→ **AIM OF THE TASK**:
From the listing below, extract every line in which the word "subseteq" appears.

→ **EXERCISE DATA**:

(* Let $G$ be an innately transitive permutation group on a finite set $\Omega$ with plinth $M$, and let $\mathcal E\in \mathrm{CD}(G)$. Then $M_{(\mathcal E)}=M$, i.e. $M$ stabilises every partition in $\mathcal E$.
   Context: A Cartesian decomposition of a finite set $\Omega$ is a set $\mathcal E=\{\Gamma_1,\dots,\Gamma_\ell\}$ of partitions of $\Omega$ such that $|\gamma_1\cap\cdots\cap\gamma_\ell|=1$ for all $\gamma_1\in\Gamma_1,\dots,\gamma_\ell\in\Gamma_\ell$; $\ell$ is its index, and Cartesian decompositions are assumed non-trivial, i.e. $\ell\ge2$. For $G\le\mathrm{Sym}(\Omega)$, $\mathrm{CD}(G)$ is the set of Cartesian decompositions of $\Omega$ that are invariant under $G$ (i.e. $G$ permutes the partitions in $\mathcal E$ under its induced action on partitions). For $M\le G$, $M_{(\mathcal E)}$ denotes the subgroup of elements of $M$ fixing every element of $\mathcal E$. A permutation group is innately transitive if it has a transitive minimal normal subgroup, called a plinth. *)

theory Defs
  imports "HOL-Library.Disjoint_Sets" "HOL-Combinatorics.Permutations"
begin

definition perm_group :: "'a set \<Rightarrow> ('a \<Rightarrow> 'a) set \<Rightarrow> bool" where
  "perm_group \<Omega> G \<longleftrightarrow> G \<subseteq> {p. p permutes \<Omega>} \<and> id \<in> G \<and>
     (\<forall>p\<in>G. \<forall>q\<in>G. p \<circ> q \<in> G) \<and> (\<forall>p\<in>G. inv p \<in> G)"

definition subgroup_of :: "('a \<Rightarrow> 'a) set \<Rightarrow> ('a \<Rightarrow> 'a) set \<Rightarrow> bool" where
  "subgroup_of H G \<longleftrightarrow> H \<subseteq> G \<and> id \<in> H \<and>
     (\<forall>p\<in>H. \<forall>q\<in>H. p \<circ> q \<in> H) \<and> (\<forall>p\<in>H. inv p \<in> H)"

definition normal_subgroup_of :: "('a \<Rightarrow> 'a) set \<Rightarrow> ('a \<Rightarrow> 'a) set \<Rightarrow> bool" where
  "normal_subgroup_of N G \<longleftrightarrow> subgroup_of N G \<and>
     (\<forall>g\<in>G. \<forall>n\<in>N. g \<circ> n \<circ> inv g \<in> N)"

definition minimal_normal_subgroup :: "('a \<Rightarrow> 'a) set \<Rightarrow> ('a \<Rightarrow> 'a) set \<Rightarrow> bool" where
  "minimal_normal_subgroup M G \<longleftrightarrow> normal_subgroup_of M G \<and> M \<noteq> {id} \<and>
     (\<forall>N. normal_subgroup_of N G \<and> N \<subseteq> M \<longrightarrow> N = {id} \<or> N = M)"

definition transitive_on :: "'a set \<Rightarrow> ('a \<Rightarrow> 'a) set \<Rightarrow> bool" where
  "transitive_on \<Omega> H \<longleftrightarrow> (\<forall>x\<in>\<Omega>. \<forall>y\<in>\<Omega>. \<exists>h\<in>H. h x = y)"

definition plinth :: "'a set \<Rightarrow> ('a \<Rightarrow> 'a) set \<Rightarrow> ('a \<Rightarrow> 'a) set \<Rightarrow> bool" where
  "plinth \<Omega> G M \<longleftrightarrow> minimal_normal_subgroup M G \<and> transitive_on \<Omega> M"

definition innately_transitive :: "'a set \<Rightarrow> ('a \<Rightarrow> 'a) set \<Rightarrow> bool" where
  "innately_transitive \<Omega> G \<longleftrightarrow> perm_group \<Omega> G \<and> (\<exists>M. plinth \<Omega> G M)"

definition cartesian_decomposition :: "'a set \<Rightarrow> 'a set set set \<Rightarrow> bool" where
  "cartesian_decomposition \<Omega> E \<longleftrightarrow>
     (\<forall>\<Gamma>\<in>E. partition_on \<Omega> \<Gamma>) \<and> finite E \<and> card E \<ge> 2 \<and>
     (\<forall>c. (\<forall>\<Gamma>\<in>E. c \<Gamma> \<in> \<Gamma>) \<longrightarrow> card (\<Inter>\<Gamma>\<in>E. c \<Gamma>) = 1)"

definition part_image :: "('a \<Rightarrow> 'a) \<Rightarrow> 'a set set \<Rightarrow> 'a set set" where
  "part_image g \<Gamma> = (\<lambda>\<gamma>. g ` \<gamma>) ` \<Gamma>"

definition CD :: "'a set \<Rightarrow> ('a \<Rightarrow> 'a) set \<Rightarrow> 'a set set set set" where
  "CD \<Omega> G = {E. cartesian_decomposition \<Omega> E \<and> (\<forall>g\<in>G. \<forall>\<Gamma>\<in>E. part_image g \<Gamma> \<in> E)}"

definition kernel_on_CD :: "('a \<Rightarrow> 'a) set \<Rightarrow> 'a set set set \<Rightarrow> ('a \<Rightarrow> 'a) set" where
  "kernel_on_CD M E = {m\<in>M. \<forall>\<Gamma>\<in>E. part_image m \<Gamma> = \<Gamma>}"

end

(*
  Suppose some m in M moves a partition \<Gamma> of E, and let F be the G-orbit of \<Gamma>; it lies in E.
  The kernel of the action of M on F is normal in G and does not contain m, so by minimality of M
  it is trivial: M embeds into Sym(F) and |M| divides |F|!. On the other hand |\<Omega>| divides |M|
  by transitivity, and |\<Omega>| is the product of the |\<Delta>|, \<Delta> in E, hence divisible by |\<Gamma>|^|F|,
  where |\<Gamma>| >= 2 because m moves \<Gamma>. But n^k never divides k! for n >= 2 and k >= 1, since by
  Legendre's formula the exponent of a prime p in k! is smaller than k.
*)
theory Submission
  imports Defs "HOL-Algebra.Group_Action" "HOL-Computational_Algebra.Primes"
begin

text \<open>Keep \<open>inv\<close> as the inverse function of Defs rather than HOL-Algebra's group inverse.\<close>
unbundle no m_inv_syntax

section \<open>Prime powers dividing factorials\<close>

lemma fact_eq_prime_power_mult:
  fixes p n :: nat
  assumes "prime p"
  shows "fact n = p ^ (n div p) * fact (n div p) * (\<Prod>i\<in>{i\<in>{1..n}. \<not> p dvd i}. i)"
proof -
  have "p > 0" using assms prime_gt_0_nat by blast
  have multiples: "{i\<in>{1..n}. p dvd i} = (*) p ` {1..n div p}"
  proof (intro equalityI subsetI)
    fix i assume "i \<in> {i\<in>{1..n}. p dvd i}"
    then obtain j where j: "i = p * j" "1 \<le> p * j" "p * j \<le> n" by auto
    then have "1 \<le> j" "j \<le> n div p"
      using \<open>p > 0\<close> by (auto simp: less_eq_div_iff_mult_less_eq mult.commute Suc_le_eq)
    with j(1) show "i \<in> (*) p ` {1..n div p}" by auto
  next
    fix i assume "i \<in> (*) p ` {1..n div p}"
    then obtain j where j: "i = p * j" "j \<in> {1..n div p}" by blast
    then have "p * j \<le> n"
      using \<open>p > 0\<close> by (simp add: less_eq_div_iff_mult_less_eq mult.commute)
    with j \<open>p > 0\<close> show "i \<in> {i\<in>{1..n}. p dvd i}" by auto
  qed
  have "(\<Prod>i\<in>{i\<in>{1..n}. p dvd i}. i) = (\<Prod>j\<in>{1..n div p}. p * j)"
    unfolding multiples using \<open>p > 0\<close> by (subst prod.reindex) (auto simp: inj_on_def)
  also have "\<dots> = p ^ (n div p) * fact (n div p)"
    by (simp add: prod.distrib fact_prod)
  finally have "(\<Prod>i\<in>{i\<in>{1..n}. p dvd i}. i) = p ^ (n div p) * fact (n div p)" .
  moreover have "fact n = (\<Prod>i\<in>{i\<in>{1..n}. p dvd i}. i) * (\<Prod>i\<in>{i\<in>{1..n}. \<not> p dvd i}. i)"
    using prod.Int_Diff[of "{1..n}" "\<lambda>i. i" "{i. p dvd i}"]
    by (simp add: fact_prod Int_def set_diff_eq)
  ultimately show ?thesis by simp
qed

→ **WRITTEN SOLUTION**:
  "perm_group \<Omega> G \<longleftrightarrow> G \<subseteq> {p. p permutes \<Omega>} \<and> id \<in> G \<and>
  "subgroup_of H G \<longleftrightarrow> H \<subseteq> G \<and> id \<in> H \<and>
     (\<forall>N. normal_subgroup_of N G \<and> N \<subseteq> M \<longrightarrow> N = {id} \<or> N = M)"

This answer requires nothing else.